# Polyurethane over Polyester Resin?



## Fibonacci (Jul 12, 2011)

I have an oddly shaped custom pen I am making for a friend that I am debating on how to finish.

The main body is african blackwood with a segment of PR.  It is closed end with the end being a crook ok PR.  I would like to put some kind of finish on the african blackwood to bring out the grain and give it some shine, but I can't use CA because of the shape of the crook would make it near impossible to sand and polish.  I am considering using spray polyurethane, but I don't know what it would do over the PR.

Anyone have some insight on this?  

I have tried just hitting it with BLO, but it looks great until the PLO soaks in, then the grain disappears again.  Maybe I just need more coats of BLO?  For the theme of the pen, raw wood works, I just want to grain to pop better.

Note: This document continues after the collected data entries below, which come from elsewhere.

lemma IF_points_of_absorbing:
  fixes mu nu :: "'a::semigroup_mult \<Rightarrow> real"
  assumes ideal: "\<forall>x y. max (mu x) (mu y) \<le> mu (x * y) \<and> nu (x * y) \<le> min (nu x) (nu y)"
  shows "\<forall>t\<in>IF_points. \<forall>i\<in>IF_points_of mu nu.
    IF_point_mult t i \<in> IF_points_of mu nu \<and> IF_point_mult i t \<in> IF_points_of mu nu"
proof (intro ballI)
  fix t i :: "'a ifset"
  assume "t \<in> IF_points" and "i \<in> IF_points_of mu nu"
  then obtain y x :: 'a and c d a b where t_def: "t = IF_point y c d" and cd: "valid_pair c d"
    and i_def: "i = IF_point x a b" and ab: "valid_pair a b" and below: "a \<le> mu x" "nu x \<le> b"
    unfolding IF_points_def IF_points_of_def by blast
  have "mu x \<le> mu (y * x)" "nu (y * x) \<le> nu x" "mu x \<le> mu (x * y)" "nu (x * y) \<le> nu x"
    using ideal by auto
  then have "IF_point (y * x) (min c a) (max d b) \<in> IF_points_of mu nu"
    "IF_point (x * y) (min a c) (max b d) \<in> IF_points_of mu nu"
    using below by (auto intro!: IF_point_in_IF_points_of valid_pair_min_max ab cd)
  then show "IF_point_mult t i \<in> IF_points_of mu nu \<and> IF_point_mult i t \<in> IF_points_of mu nu"
    unfolding t_def i_def by (simp add: IF_point_mult_points ab cd)
qed

text \<open>Conversely, absorption yields the IF ideal inequalities: multiplying the point
  x_(mu x, nu x) by y_(1,0) on either side gives (yx)_(mu x, nu x) and (xy)_(mu x, nu x),
  so mu and nu can only grow resp. shrink when x is multiplied by anything.\<close>
lemma IF_ideal_ineq_of_absorbing:
  fixes mu nu :: "'a::semigroup_mult \<Rightarrow> real"
  assumes A: "IF_subset mu nu"
    and absorb: "\<forall>t\<in>IF_points. \<forall>i\<in>IF_points_of mu nu.
      IF_point_mult t i \<in> IF_points_of mu nu \<and> IF_point_mult i t \<in> IF_points_of mu nu"
  shows "\<forall>x y. max (mu x) (mu y) \<le> mu (x * y) \<and> nu (x * y) \<le> min (nu x) (nu y)"
proof -
  have one_sided: "mu x \<le> mu (y * x) \<and> nu (y * x) \<le> nu x \<and> mu x \<le> mu (x * y) \<and> nu (x * y) \<le> nu x"
    for x y
  proof -
    have vx: "valid_pair (mu x) (nu x)" using A by (rule IF_subset_valid_pair)
    have bounds: "min 1 (mu x) = mu x" "max 0 (nu x) = nu x" "min (mu x) 1 = mu x" "max (nu x) 0 = nu x"
      and nonneg: "0 \<le> mu (y * x)" "0 \<le> mu (x * y)" and le_one: "nu (y * x) \<le> 1" "nu (x * y) \<le> 1"
      using A by (auto simp: IF_subset_def)
    have "IF_point_mult (IF_point y 1 0) (IF_point x (mu x) (nu x)) \<in> IF_points_of mu nu"
      "IF_point_mult (IF_point x (mu x) (nu x)) (IF_point y 1 0) \<in> IF_points_of mu nu"
      using absorb IF_point_in_IF_points[OF valid_pair_unit_point, of y]
        IF_point_graph_in_IF_points_of[OF A, of x] by blast+
    then have "IF_point (y * x) (mu x) (nu x) \<in> IF_points_of mu nu"
      "IF_point (x * y) (mu x) (nu x) \<in> IF_points_of mu nu"
      by (simp_all add: IF_point_mult_points vx valid_pair_unit_point bounds)
    then show ?thesis
      using nonneg le_one unfolding IF_point_in_IF_points_of_iff[OF A vx] by auto
  qed
  show ?thesis using one_sided by simp
qed

text \<open>Since x_(a,b) o x_(a,b) = (xx)_(a,b), the inequalities mu(xx) \<le> mu x and
  nu x \<le> nu(xx) say precisely that a point whose square lies in underline A lies there too.\<close>
lemma IF_points_of_semiprime:
  fixes mu nu :: "'a::semigroup_mult \<Rightarrow> real"
  assumes A: "IF_subset mu nu"
    and semiprime: "\<forall>x. mu (x * x) \<le> mu x \<and> nu x \<le> nu (x * x)"
  shows "\<forall>t\<in>IF_points. IF_point_mult t t \<in> IF_points_of mu nu \<longrightarrow> t \<in> IF_points_of mu nu"
proof (intro ballI impI)
  fix t :: "'a ifset"
  assume "t \<in> IF_points" and square: "IF_point_mult t t \<in> IF_points_of mu nu"
  then obtain x a b where t_def: "t = IF_point x a b" and ab: "valid_pair a b"
    unfolding IF_points_def by blast
  have "IF_point (x * x) a b \<in> IF_points_of mu nu"
    using square by (simp add: t_def IF_point_mult_points ab)
  then have "(a = 0 \<and> b = 1) \<or> (a \<le> mu (x * x) \<and> nu (x * x) \<le> b)"
    unfolding IF_point_in_IF_points_of_iff[OF A ab] .
  then have "(a = 0 \<and> b = 1) \<or> (a \<le> mu x \<and> nu x \<le> b)"
    using semiprime[rule_format, of x] by linarith
  then show "t \<in> IF_points_of mu nu"
    unfolding t_def IF_point_in_IF_points_of_iff[OF A ab] .
qed

text \<open>Conversely, the square of the point x_(mu(xx), nu(xx)) is the point
  (xx)_(mu(xx), nu(xx)) of underline A, so semiprimeness puts x_(mu(xx), nu(xx)) in
  underline A, which is the semiprimeness inequality at x.\<close>
lemma IF_semiprime_ineq_of_points:
  fixes mu nu :: "'a::semigroup_mult \<Rightarrow> real"
  assumes A: "IF_subset mu nu"
    and semiprime: "\<forall>t\<in>IF_points. IF_point_mult t t \<in> IF_points_of mu nu \<longrightarrow> t \<in> IF_points_of mu nu"
  shows "\<forall>x. mu (x * x) \<le> mu x \<and> nu x \<le> nu (x * x)"
proof
  fix x
  have vxx: "valid_pair (mu (x * x)) (nu (x * x))" using A by (rule IF_subset_valid_pair)
  let ?p = "IF_point x (mu (x * x)) (nu (x * x))"
  have "IF_point_mult ?p ?p = IF_point (x * x) (mu (x * x)) (nu (x * x))"
    using IF_point_mult_points[OF vxx vxx] by simp
  then have "IF_point_mult ?p ?p \<in> IF_points_of mu nu"
    using IF_point_graph_in_IF_points_of[OF A] by simp
  then have "?p \<in> IF_points_of mu nu"
    by (rule semiprime[rule_format, OF IF_point_in_IF_points[OF vxx]])
  then have "(mu (x * x) = 0 \<and> nu (x * x) = 1) \<or> (mu (x * x) \<le> mu x \<and> nu x \<le> nu (x * x))"
    unfolding IF_point_in_IF_points_of_iff[OF A vxx] .
  moreover have "0 \<le> mu x" "nu x \<le> 1" using A by (simp_all add: IF_subset_def)
  ultimately show "mu (x * x) \<le> mu x \<and> nu x \<le> nu (x * x)" by auto
qed

theorem theorem3p17:
  fixes mu nu :: "'a::semigroup_mult \<Rightarrow> real"
  assumes "IF_subset mu nu"
  shows "IF_semiprime_ideal mu nu \<longleftrightarrow>
         sg_semiprime_ideal IF_points IF_point_mult (IF_points_of mu nu)"
proof
  assume "IF_semiprime_ideal mu nu"
  then have ideal: "\<forall>x y. max (mu x) (mu y) \<le> mu (x * y) \<and> nu (x * y) \<le> min (nu x) (nu y)"
    and semiprime: "\<forall>x. mu (x * x) \<le> mu x \<and> nu x \<le> nu (x * x)"
    unfolding IF_semiprime_ideal_def IF_ideal_def by simp_all
  show "sg_semiprime_ideal IF_points IF_point_mult (IF_points_of mu nu)"
    unfolding sg_semiprime_ideal_def sg_ideal_def
    using IF_points_of_nonempty[OF assms] IF_points_of_subset[of mu nu]
      IF_points_of_absorbing[of mu nu, OF ideal] IF_points_of_semiprime[OF assms semiprime]
    by (intro conjI)
next
  assume "sg_semiprime_ideal IF_points IF_point_mult (IF_points_of mu nu)"
  then have absorb: "\<forall>t\<in>IF_points. \<forall>i\<in>IF_points_of mu nu.
      IF_point_mult t i \<in> IF_points_of mu nu \<and> IF_point_mult i t \<in> IF_points_of mu nu"
    and semiprime: "\<forall>t\<in>IF_points. IF_point_mult t t \<in> IF_points_of mu nu \<longrightarrow> t \<in> IF_points_of mu nu"
    unfolding sg_semiprime_ideal_def sg_ideal_def by blast+
  show "IF_semiprime_ideal mu nu"
    unfolding IF_semiprime_ideal_def IF_ideal_def
    using assms IF_ideal_ineq_of_absorbing[OF assms absorb]
      IF_semiprime_ineq_of_points[OF assms semiprime]
    by (intro conjI)
qed

end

Oh, it has to be done by Monday as well...


----------



## bitshird (Jul 12, 2011)

I'd use Wipe on poly instead, put on about 10 or 15 coats, (they dry in warm weather in about 30 or so minutes), then polish it with Brasso polish.


----------



## Fibonacci (Jul 12, 2011)

Will the wipe on poly be okay over the PR?  I can't really separate out the pieces for the finish.


----------



## mredburn (Jul 12, 2011)

I have finished ca on my  wood clips I made on my "all wood pens".  You just have to put it on and then hand sand it down through the grits. I start at 320 to smooth it, then 600.800, then to micro mesh 3600.4000 etc down to 12,000.  In tight spots,  a small buff on a flex shaft or Dremel with white diamond and a drop  of Hut plastic polish makes a slurry that will shape and polish a light touch is required. Take to much off? clean and drya nd add ca back on the bare spot and buff it back in.


----------



## DozerMite (Jul 12, 2011)

I have used poly over PR a few times without any problems. I went over it with 320 grit before spraying and then just finish as normal.


----------